Exercise material:
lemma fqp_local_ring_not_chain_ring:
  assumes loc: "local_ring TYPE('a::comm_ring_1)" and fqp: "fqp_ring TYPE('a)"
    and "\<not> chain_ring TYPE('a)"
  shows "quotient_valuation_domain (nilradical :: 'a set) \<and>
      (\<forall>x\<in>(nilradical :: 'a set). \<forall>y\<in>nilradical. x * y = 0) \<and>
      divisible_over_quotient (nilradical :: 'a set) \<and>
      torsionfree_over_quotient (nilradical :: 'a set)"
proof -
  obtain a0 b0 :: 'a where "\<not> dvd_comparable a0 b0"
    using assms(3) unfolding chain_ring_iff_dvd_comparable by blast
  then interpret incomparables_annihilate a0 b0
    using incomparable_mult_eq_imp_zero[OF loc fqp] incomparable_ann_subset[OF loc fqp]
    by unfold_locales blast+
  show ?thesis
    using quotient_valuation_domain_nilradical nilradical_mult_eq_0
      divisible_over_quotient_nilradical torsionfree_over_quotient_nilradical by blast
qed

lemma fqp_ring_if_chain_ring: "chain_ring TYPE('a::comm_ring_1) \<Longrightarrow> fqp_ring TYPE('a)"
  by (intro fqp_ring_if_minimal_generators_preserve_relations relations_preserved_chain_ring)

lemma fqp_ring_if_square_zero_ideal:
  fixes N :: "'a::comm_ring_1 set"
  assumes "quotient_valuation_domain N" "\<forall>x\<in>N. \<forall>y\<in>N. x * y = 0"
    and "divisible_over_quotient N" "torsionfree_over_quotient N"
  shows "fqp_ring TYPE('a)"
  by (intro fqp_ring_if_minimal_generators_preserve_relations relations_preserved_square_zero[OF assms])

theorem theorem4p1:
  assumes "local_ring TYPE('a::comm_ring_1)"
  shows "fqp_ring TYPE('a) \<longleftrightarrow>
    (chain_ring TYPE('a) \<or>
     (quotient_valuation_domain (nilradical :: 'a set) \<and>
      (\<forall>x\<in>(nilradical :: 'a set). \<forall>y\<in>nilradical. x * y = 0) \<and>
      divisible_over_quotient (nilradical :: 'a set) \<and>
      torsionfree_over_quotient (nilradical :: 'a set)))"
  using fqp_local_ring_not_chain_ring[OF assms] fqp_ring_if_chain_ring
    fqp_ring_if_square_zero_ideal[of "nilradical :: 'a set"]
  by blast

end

Task prompt: The answer must be the full listing, copied exactly.

Task answer:
lemma fqp_local_ring_not_chain_ring:
  assumes loc: "local_ring TYPE('a::comm_ring_1)" and fqp: "fqp_ring TYPE('a)"
    and "\<not> chain_ring TYPE('a)"
  shows "quotient_valuation_domain (nilradical :: 'a set) \<and>
      (\<forall>x\<in>(nilradical :: 'a set). \<forall>y\<in>nilradical. x * y = 0) \<and>
      divisible_over_quotient (nilradical :: 'a set) \<and>
      torsionfree_over_quotient (nilradical :: 'a set)"
proof -
  obtain a0 b0 :: 'a where "\<not> dvd_comparable a0 b0"
    using assms(3) unfolding chain_ring_iff_dvd_comparable by blast
  then interpret incomparables_annihilate a0 b0
    using incomparable_mult_eq_imp_zero[OF loc fqp] incomparable_ann_subset[OF loc fqp]
    by unfold_locales blast+
  show ?thesis
    using quotient_valuation_domain_nilradical nilradical_mult_eq_0
      divisible_over_quotient_nilradical torsionfree_over_quotient_nilradical by blast
qed

lemma fqp_ring_if_chain_ring: "chain_ring TYPE('a::comm_ring_1) \<Longrightarrow> fqp_ring TYPE('a)"
  by (intro fqp_ring_if_minimal_generators_preserve_relations relations_preserved_chain_ring)

lemma fqp_ring_if_square_zero_ideal:
  fixes N :: "'a::comm_ring_1 set"
  assumes "quotient_valuation_domain N" "\<forall>x\<in>N. \<forall>y\<in>N. x * y = 0"
    and "divisible_over_quotient N" "torsionfree_over_quotient N"
  shows "fqp_ring TYPE('a)"
  by (intro fqp_ring_if_minimal_generators_preserve_relations relations_preserved_square_zero[OF assms])

theorem theorem4p1:
  assumes "local_ring TYPE('a::comm_ring_1)"
  shows "fqp_ring TYPE('a) \<longleftrightarrow>
    (chain_ring TYPE('a) \<or>
     (quotient_valuation_domain (nilradical :: 'a set) \<and>
      (\<forall>x\<in>(nilradical :: 'a set). \<forall>y\<in>nilradical. x * y = 0) \<and>
      divisible_over_quotient (nilradical :: 'a set) \<and>
      torsionfree_over_quotient (nilradical :: 'a set)))"
  using fqp_local_ring_not_chain_ring[OF assms] fqp_ring_if_chain_ring
    fqp_ring_if_square_zero_ideal[of "nilradical :: 'a set"]
  by blast

end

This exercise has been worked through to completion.